- [EXERCISE]: Among the lines listed below, count those that include the string "symmetric", and state only the count.

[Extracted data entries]
☆ ☆ ☆ ☆ ☆ ☆ ☆
(* Let $n$ be a positive integer with $n\equiv 4\pmod 6$ and let $t=\lfloor n/3\rfloor$. Then the collection of subgroups of $S_n$ consisting of: all stabilizers of partitions of $\{1,\dots,n\}$ into two blocks of size $n/2$; $A_n$; and, for every $i$ with $1\le i\le t$ and $i\neq t-1$, all setwise stabilizers of $i$-element subsets of $\{1,\dots,n\}$, is a cover of $S_n$. In other words, the subgroups $S_{t-1}\times S_{n-t+1}$ can be removed from the cover consisting of all subgroups $S_{n/2}\wr S_2$, $A_n$, and $S_i\times S_{n-i}$ ($1\le i\le t$) while still covering $S_n$.
   Context: $S_n$ is the symmetric group on $\{1,\dots,n\}$. The stabilizer of a partition $\{B_1,B_2\}$ is the set of $g$ with $\{B_1^g,B_2^g\}=\{B_1,B_2\}$ (isomorphic to $S_{n/2}\wr S_2$); the setwise stabilizer of an $i$-subset is isomorphic to $S_i\times S_{n-i}$. A cover of a group is a collection of proper subgroups whose union is the group. *)

theory Defs
  imports "HOL-Algebra.Sym_Groups"
begin

definition is_cover :: "('a, 'b) monoid_scheme \<Rightarrow> 'a set set \<Rightarrow> bool" where
  "is_cover G \<C> \<longleftrightarrow>
     (\<forall>H\<in>\<C>. subgroup H G \<and> H \<noteq> carrier G) \<and> \<Union>\<C> = carrier G"

definition partition_stabilizer :: "nat \<Rightarrow> nat set \<Rightarrow> nat set \<Rightarrow> (nat \<Rightarrow> nat) set" where
  "partition_stabilizer n B1 B2 =
     {g \<in> carrier (sym_group n). {g ` B1, g ` B2} = {B1, B2}}"

definition set_stabilizer :: "nat \<Rightarrow> nat set \<Rightarrow> (nat \<Rightarrow> nat) set" where
  "set_stabilizer n A = {g \<in> carrier (sym_group n). g ` A = A}"

end

theory Submission
  imports Defs
begin

text \<open>
  An even permutation lies in \<open>A\<^sub>n\<close>. If an odd permutation \<open>g\<close> has only cycles of even length,
  the points at even distance along each cycle form a set \<open>B\<close> with \<open>g B\<close> the complement of \<open>B\<close>,
  so \<open>g\<close> stabilizes a partition into two halves. Otherwise \<open>g\<close> has a cycle of odd length \<open>l\<close>;
  its complement has even size and is not a single cycle, since two odd cycles make an even
  permutation. So \<open>{1..n}\<close> splits into three nonempty \<open>g\<close>-invariant sets of sizes \<open>l, a, b\<close>
  with \<open>l\<close> odd, and for \<open>n = 6k + 4\<close>, \<open>t = 2k + 1\<close> a short count shows that one of these sets or
  its complement has a size in \<open>{1..t} - {t - 1}\<close>, or size \<open>n / 2\<close>.
\<close>

lemma self_in_set_support: "permutation g \<Longrightarrow> x \<in> set (support g x)"
  unfolding support_set by (rule range_eqI[of _ _ 0]) simp

lemma card_set_support: "permutation g \<Longrightarrow> card (set (support g x)) = least_power g x"
  using distinct_card[OF cycle_of_permutation[of g x]] by simp

lemma set_support_subset:
  assumes "permutation g" "g ` T = T" "x \<in> T"
  shows "set (support g x) \<subseteq> T"
proof -
  have "(g ^^ i) x \<in> T" for i
    using assms(2,3) by (induction i) auto
  then show ?thesis unfolding support_set[OF assms(1)] by blast
qed

lemma image_set_support:
  assumes "permutation g"
  shows "g ` set (support g x) = set (support g x)"
proof (rule endo_inj_surj)
  show "g ` set (support g x) \<subseteq> set (support g x)"
    unfolding support_set[OF assms]
  proof clarify
    fix i show "g ((g ^^ i) x) \<in> range (\<lambda>i. (g ^^ i) x)"
      by (rule range_eqI[of _ _ "Suc i"]) simp
  qed
  have "inj g" using assms by (simp add: bij_is_inj permutation_bijective)
  then show "inj_on g (set (support g x))" by (rule inj_on_subset) simp
qed simp

lemma funpow_eq_imp_even_iff:
  assumes g: "permutation g" and L: "even (least_power g x)" and eq: "(g ^^ m) x = (g ^^ m') x"
  shows "even m \<longleftrightarrow> even m'"
proof -
  have "even i \<longleftrightarrow> even j" if "i \<le> j" "(g ^^ i) x = (g ^^ j) x" for i j
  proof -
    have "(g ^^ (j - i)) x = x"
      using g that by (simp add: funpow_diff bij_is_inj permutation_bijective)
    then have "least_power g x dvd j - i" by (rule least_power_minimal)
    with L have "even (j - i)" by (rule dvd_trans)
    with that(1) show ?thesis by presburger
  qed
  note parity = this
  show ?thesis
  proof (cases "m \<le> m'")
    case True
    from True eq show ?thesis by (rule parity)
  next
    case False
    with eq[symmetric] show ?thesis using parity[of m' m] by simp
  qed
qed

lemma image_even_powers:
  assumes g: "permutation g" and L: "even (least_power g x)"
  defines "E \<equiv> range (\<lambda>j. (g ^^ (2 * j)) x)"
  shows "g ` E = set (support g x) - E"
proof (intro equalityI subsetI)
  fix z assume "z \<in> g ` E"
  then obtain j where z: "z = (g ^^ Suc (2 * j)) x" unfolding E_def by auto
  have "z \<notin> E"
  proof
    assume "z \<in> E"
    then obtain i where "z = (g ^^ (2 * i)) x" unfolding E_def by blast
    with z funpow_eq_imp_even_iff[OF g L, of "Suc (2 * j)" "2 * i"] show False by simp
  qed
  moreover have "z \<in> range (\<lambda>i. (g ^^ i) x)" unfolding z by (rule rangeI)
  ultimately show "z \<in> set (support g x) - E" unfolding support_set[OF g] by simp
next
  fix z assume z: "z \<in> set (support g x) - E"
  then obtain m where m: "z = (g ^^ m) x" unfolding support_set[OF g] by auto
  with z have "odd m" unfolding E_def by auto
  then obtain j where "m = Suc (2 * j)" by (metis oddE Suc_eq_plus1)
  with m show "z \<in> g ` E" unfolding E_def by auto
qed

lemma ex_swapped_complement_if_even_orbits:
  assumes g: "permutation g" and "finite T" "g ` T = T" "\<forall>x\<in>T. even (least_power g x)"
  shows "\<exists>B\<subseteq>T. g ` B = T - B"
  using assms(2-4)
proof (induction T rule: finite_psubset_induct)
  case (psubset T)
  show ?case
  proof (cases "T = {}")
    case False
    then obtain x where x: "x \<in> T" by blast
    define Ox where "Ox = set (support g x)"
    define E where "E = range (\<lambda>j. (g ^^ (2 * j)) x)"
    have inj: "inj g" using g by (simp add: bij_is_inj permutation_bijective)
    have OT: "Ox \<subseteq> T" unfolding Ox_def using g psubset.prems(1) x by (rule set_support_subset)
    have "x \<in> Ox" unfolding Ox_def using g by (rule self_in_set_support)
    then have "T - Ox \<subset> T" using x by blast
    moreover have "g ` (T - Ox) = T - Ox"
      using inj psubset.prems(1) image_set_support[OF g] by (simp add: image_set_diff Ox_def)
    ultimately obtain B where B: "B \<subseteq> T - Ox" "g ` B = T - Ox - B"
      using psubset.IH psubset.prems(2) by (meson Diff_iff)
    have EO: "E \<subseteq> Ox" unfolding E_def Ox_def support_set[OF g] by auto
    have "g ` E = Ox - E"
      unfolding E_def Ox_def using g by (rule image_even_powers) (use psubset.prems(2) x in blast)
    with B(2) have "g ` (E \<union> B) = T - (E \<union> B)" using B(1) EO OT by (auto simp: image_Un)
    moreover have "E \<union> B \<subseteq> T" using B(1) EO OT by blast
    ultimately show ?thesis by blast
  qed simp
qed

lemma evenperm_cycle_of_list:
  assumes "distinct cs" "cs \<noteq> []"
  shows "evenperm (cycle_of_list cs) \<longleftrightarrow> odd (length cs)"
proof -
  have "swapidseq (length cs - 1) (cycle_of_list cs)"
    by (rule swapidseq_ext_imp_swapidseq[OF swapidseq_ext_of_cycles[OF assms(1)]])
  moreover have "even (length cs - 1) \<longleftrightarrow> odd (length cs)" using assms(2) by (cases cs) auto
  ultimately show ?thesis by (rule evenperm_unique)
qed

lemma evenperm_cycle_of_support:
  "permutation g \<Longrightarrow> evenperm (cycle_of_list (support g x)) \<longleftrightarrow> odd (least_power g x)"
  using evenperm_cycle_of_list[OF cycle_of_permutation[of g x]] least_power_of_permutation(2)[of g x]
  by simp

lemma permutes_two_orbits_eq_comp_cycles:
  assumes g: "g permutes set (support g x) \<union> set (support g y)" and y: "y \<notin> set (support g x)"
  shows "g = cycle_of_list (support g x) \<circ> cycle_of_list (support g y)"
proof
  fix z
  have perm: "permutation g" using g by (metis List.finite_set finite_Un permutation_permutes)
  have disj: "set (support g y) \<inter> set (support g x) = {}"
    using y disjoint_support'[OF perm] by blast
  consider "z \<in> set (support g y)" | "z \<in> set (support g x)" | "z \<notin> set (support g x) \<union> set (support g y)"
    by blast
  then show "g z = (cycle_of_list (support g x) \<circ> cycle_of_list (support g y)) z"
  proof cases
    case 1
    then have "g z \<notin> set (support g x)" using image_set_support[OF perm] disj by blast
    then have "cycle_of_list (support g x) (g z) = g z" by (rule id_outside_supp)
    with cycle_restrict[OF perm 1] show ?thesis by simp
  next
    case 2
    with disj have "cycle_of_list (support g y) z = z" by (blast intro: id_outside_supp)
    with cycle_restrict[OF perm 2] show ?thesis by simp
  next
    case 3
    with g show ?thesis by (simp add: permutes_not_in id_outside_supp)
  qed
qed

lemma evenperm_if_permutes_two_odd_orbits:
  assumes "g permutes set (support g x) \<union> set (support g y)" "y \<notin> set (support g x)"
    "odd (least_power g x)" "odd (least_power g y)"
  shows "evenperm g"
proof -
  have "permutation g" using assms(1) by (metis List.finite_set finite_Un permutation_permutes)
  then have "evenperm (cycle_of_list (support g x) \<circ> cycle_of_list (support g y))"
    using assms(3,4) by (simp add: evenperm_comp permutation_of_cycle evenperm_cycle_of_support)
  with permutes_two_orbits_eq_comp_cycles[OF assms(1,2)] show ?thesis by metis
qed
☆ ☆ ☆ ☆ ☆ ☆ ☆
- [FINISHED TASK]: 2